# Markbase Developer Guide
This document is intended for markbase developers and development agents, covering architecture design, development standards, and implementation details.
## 1. Project Overview
Markbase is a high-performance CLI tool for scanning, parsing, and indexing Markdown notes into a DuckDB database, enabling instant metadata queries with Obsidian compatibility.
**Core Value**: Provides structured Markdown knowledge base access for AI Agents.
## 2. Tech Stack
- **Language**: Rust 1.85+ (2024 edition)
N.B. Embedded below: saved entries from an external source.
lemma integrable_cos_inner_diff:
  fixes M :: "('a::real_inner \<times> 'a) measure"
  assumes "prob_space M" "sets M = sets borel"
  shows "integrable M (\<lambda>w. cos (fst w \<bullet> y1 - snd w \<bullet> y2))"
proof -
  interpret prob_space M by fact
  show ?thesis
    by (rule integrable_const_bound[where B=1])
       (simp_all add: measurable_cong_sets[OF assms(2) refl] borel_measurable_continuous_onI
          continuous_intros)
qed

lemma integrable_paired_cos_sum:
  fixes M :: "('a::real_inner \<times> 'a) measure"
  assumes "prob_space M" "sets M = sets borel"
  shows "integrable M (paired_cos_sum x1 x2)"
  unfolding paired_cos_sum_eq_cos_diffs[abs_def]
  by (intro Bochner_Integration.integrable_add integrable_cos_inner_diff[OF assms])

lemma diag_form_commute: "diag_form v x y = diag_form v y x"
  by (simp add: diag_form_def mult.commute mult.left_commute)

lemma diag_form_zero [simp]: "diag_form v x 0 = 0" "diag_form v 0 y = 0"
  by (simp_all add: diag_form_def)

lemma integral_paired_cos_sum_ngsm_s:
  fixes m1 m2 v1 v2 x1 x2 :: "real^'d" and \<rho> :: real
  assumes v1: "\<And>i. v1 $ i > 0" and v2: "\<And>i. v2 $ i > 0" and \<rho>: "\<rho> \<in> {-1..1}"
  shows "(\<integral>w. paired_cos_sum x1 x2 w \<partial>ngsm_s m1 m2 v1 v2 \<rho>) =
    (let S1 = v1; S2 = v2; Sc = (\<chi> i. \<rho> * (sdev v1 $ i * sdev v2 $ i)) in
       exp (- (1/2) * (diag_form S1 x1 x1 - 2 * diag_form Sc x1 x2 + diag_form S2 x2 x2))
         * cos (m1 \<bullet> x1 - m2 \<bullet> x2)
     + exp (- (1/2) * (diag_form S1 x2 x2 - 2 * diag_form Sc x1 x2 + diag_form S2 x1 x1))
         * cos (m1 \<bullet> x2 - m2 \<bullet> x1)
     + exp (- (1/2) * diag_form S1 (x1 - x2) (x1 - x2)) * cos (m1 \<bullet> (x1 - x2))
     + exp (- (1/2) * diag_form S2 (x1 - x2) (x1 - x2)) * cos (m2 \<bullet> (x1 - x2)))"
proof -
  let ?G = "ngsm_gauss m1 m2 v1 v2 \<rho>"
  let ?I = "\<lambda>y1 y2. \<integral>w. cos (fst w \<bullet> y1 - snd w \<bullet> y2) \<partial>?G"
  have G: "prob_space ?G" "sets ?G = sets borel"
    by (simp_all add: prob_space_ngsm_gauss sets_ngsm_gauss)
  have even: "paired_cos_sum x1 x2 (- w) = paired_cos_sum x1 x2 w" for w
    by (simp add: paired_cos_sum_def cos_diff)
  have meas: "paired_cos_sum x1 x2 \<in> borel_measurable borel"
    unfolding paired_cos_sum_def[abs_def] by (intro borel_measurable_continuous_onI continuous_intros)
  have "(\<integral>w. paired_cos_sum x1 x2 w \<partial>ngsm_s m1 m2 v1 v2 \<rho>) = (\<integral>w. paired_cos_sum x1 x2 w \<partial>?G)"
    unfolding ngsm_s_eq_random_sign by (rule integral_random_sign_even[OF G even meas])
  also have "\<dots> = ?I x1 x2 + ?I x2 x1 + ?I (x1 - x2) 0 + ?I 0 (x1 - x2)"
    unfolding paired_cos_sum_eq_cos_diffs[abs_def]
    by (simp only: Bochner_Integration.integral_add Bochner_Integration.integrable_add
        integrable_cos_inner_diff[OF G])
  finally show ?thesis
    unfolding integral_cos_ngsm_gauss[OF v1 v2 \<rho>]
    by (simp add: Let_def diag_form_commute[of _ x2 x1])
qed

lemma k_ngsm_eq_integral:
  assumes "\<And>q i. q < Q \<Longrightarrow> v1 q $ i > 0" "\<And>q i. q < Q \<Longrightarrow> v2 q $ i > 0"
    and "\<And>q. q < Q \<Longrightarrow> rho q \<in> {-1..1}"
  shows "k_ngsm Q alpha mu1 mu2 v1 v2 rho x1 x2 = (1/4) *
    (\<Sum>q<Q. alpha q * (\<integral>w. paired_cos_sum x1 x2 w \<partial>ngsm_s (mu1 q) (mu2 q) (v1 q) (v2 q) (rho q)))"
  unfolding k_ngsm_def
  by (intro arg_cong[where f="(*) (1/4)"] sum.cong refl arg_cong[where f="(*) _"]
        integral_paired_cos_sum_ngsm_s[symmetric])
     (use assms in auto)

lemma integral_PiM_sum_components:
  fixes f :: "'i \<Rightarrow> 'a \<Rightarrow> 'b::{banach, second_countable_topology}"
  assumes I: "finite I" and M: "\<And>i. i \<in> I \<Longrightarrow> prob_space (M i)"
    and f: "\<And>i. i \<in> I \<Longrightarrow> integrable (M i) (f i)"
  shows "(\<integral>W. (\<Sum>i\<in>I. f i (W i)) \<partial>PiM I M) = (\<Sum>i\<in>I. \<integral>w. f i w \<partial>M i)"
proof -
  have component: "integrable (PiM I M) (\<lambda>W. f i (W i))
      \<and> (\<integral>W. f i (W i) \<partial>PiM I M) = (\<integral>w. f i w \<partial>M i)" if i: "i \<in> I" for i
  proof -
    have meas: "(\<lambda>W. W i) \<in> measurable (PiM I M) (M i)"
      by (rule measurable_component_singleton[OF i])
    have fm: "f i \<in> borel_measurable (M i)"
      using f[OF i] by (rule borel_measurable_integrable)
    have distr: "distr (PiM I M) (M i) (\<lambda>W. W i) = M i"
      by (rule distr_PiM_component[OF M i])
    show ?thesis
      using f[OF i] integrable_distr_eq[OF meas fm] integral_distr[OF meas fm]
      unfolding distr by simp
  qed
  show ?thesis
    using component I by (simp add: Bochner_Integration.integral_sum)
qed

theorem theorem3:
  fixes Q L :: nat
    and alpha :: "nat \<Rightarrow> real"
    and mu1 mu2 v1 v2 :: "nat \<Rightarrow> real ^ 'd"
    and rho :: "nat \<Rightarrow> real"
    and x1 x2 :: "real ^ 'd"
  assumes "Q \<ge> 1"
    and "even L" and "L > 0"
    and "\<And>q. q < Q \<Longrightarrow> alpha q \<ge> 0"
    and "\<And>q i. q < Q \<Longrightarrow> v1 q $ i > 0"
    and "\<And>q i. q < Q \<Longrightarrow> v2 q $ i > 0"
    and "\<And>q. q < Q \<Longrightarrow> rho q \<in> {-1..1}"
  shows "(\<integral>W. ngsm_inner Q L alpha W x1 x2 \<partial>ngsm_joint Q L mu1 mu2 v1 v2 rho)
           = k_ngsm Q alpha mu1 mu2 v1 v2 rho x1 x2"
proof -
  obtain K where L: "L = 2 * K"
    using \<open>even L\<close> by blast
  let ?I = "{..<Q} \<times> {..<K}"
  let ?s = "\<lambda>q. ngsm_s (mu1 q) (mu2 q) (v1 q) (v2 q) (rho q)"
  let ?E = "\<lambda>q. \<integral>w. paired_cos_sum x1 x2 w \<partial>?s q"
  have joint: "ngsm_joint Q L mu1 mu2 v1 v2 rho = PiM ?I (\<lambda>i. ?s (fst i))"
    by (simp add: ngsm_joint_def L case_prod_unfold)
  have s: "prob_space (?s q)" "sets (?s q) = sets borel" for q
    by (simp_all add: ngsm_s_eq_random_sign prob_space_random_sign prob_space_ngsm_gauss
        sets_ngsm_gauss sets_random_sign)
  have "(\<integral>W. ngsm_inner Q L alpha W x1 x2 \<partial>ngsm_joint Q L mu1 mu2 v1 v2 rho)
      = (\<integral>W. (\<Sum>i\<in>?I. alpha (fst i) / (2 * real L) * paired_cos_sum x1 x2 (W i)) \<partial>PiM ?I (\<lambda>i. ?s (fst i)))"
    by (simp add: joint ngsm_inner_eq_sum[OF L assms(4)])
  also have "\<dots> = (\<Sum>i\<in>?I. alpha (fst i) / (2 * real L) * ?E (fst i))"
    by (subst integral_PiM_sum_components)
       (auto intro!: integrable_divide integrable_mult_right integrable_paired_cos_sum s)
  also have "\<dots> = (\<Sum>q<Q. real K * (alpha q / (2 * real L) * ?E q))"
    by (simp add: sum.cartesian_product')
  also have "\<dots> = (1/4) * (\<Sum>q<Q. alpha q * ?E q)"
    using \<open>L > 0\<close> by (simp add: L sum_distrib_left)
  also have "\<dots> = k_ngsm Q alpha mu1 mu2 v1 v2 rho x1 x2"
    by (rule k_ngsm_eq_integral[symmetric, OF assms(5-7)])
  finally show ?thesis .
qed

end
- **CLI Framework**: clap v4.5 (derive feature)
- **Database**: DuckDB (bundled with `duckdb` crate)
- **File Traversal**: walkdir v2.5
- **Parsing**: gray_matter (frontmatter), regex (wiki-links/tags), serde_yaml (frontmatter rewrite)
- **Serialization**: serde, serde_json
**Design Principle**: Minimize dependencies, optimize binary size (`strip = true` in Cargo.toml)
## 3. Design Principles
**Design Principle 1 - Name Uniqueness**: Note names must be unique across the entire vault, regardless of directory location. This enables simple `[[note-name]]` linking without path ambiguity.
**Design Principle 2 - Obsidian Link Format**: Wiki-links use filename only (no path, no extension). Example: `[[my-note]]` not `[[notes/my-note.md]]`. Frontmatter links must be quoted: `related: "[[target]]"`.
## 4. Data Model
### 4.1 Schema
Database location: `{{base-dir}}/.markbase/markbase.duckdb`
```sql
CREATE TABLE notes (
path TEXT PRIMARY KEY, -- Path relative to base-dir
folder TEXT, -- Directory path
name TEXT, -- File name without extension
ext TEXT, -- Extension
size INTEGER, -- Size in bytes
ctime TIMESTAMPTZ, -- Creation time
mtime TIMESTAMPTZ, -- Modification time
tags VARCHAR[], -- Tag array
links VARCHAR[], -- Wiki-links array
backlinks VARCHAR[], -- Backlink array
embeds VARCHAR[], -- Embed array
properties JSON -- Frontmatter properties
);
```
**Indexes**:
```sql
CREATE INDEX idx_mtime ON notes(mtime);
CREATE INDEX idx_folder ON notes(folder);
CREATE INDEX idx_name ON notes(name);
```
### 4.2 Field Resolution
When querying fields, the system uses explicit namespace prefixes:
| `file.` | File properties | Native database columns |
| `note.` | Note (frontmatter) properties | `properties` JSON column |
| *(none)* | Shorthand for `note.` | `properties` JSON column |
**Resolution Rules:**
1. If field starts with `file.` → direct column access (e.g., `file.name` → `name`)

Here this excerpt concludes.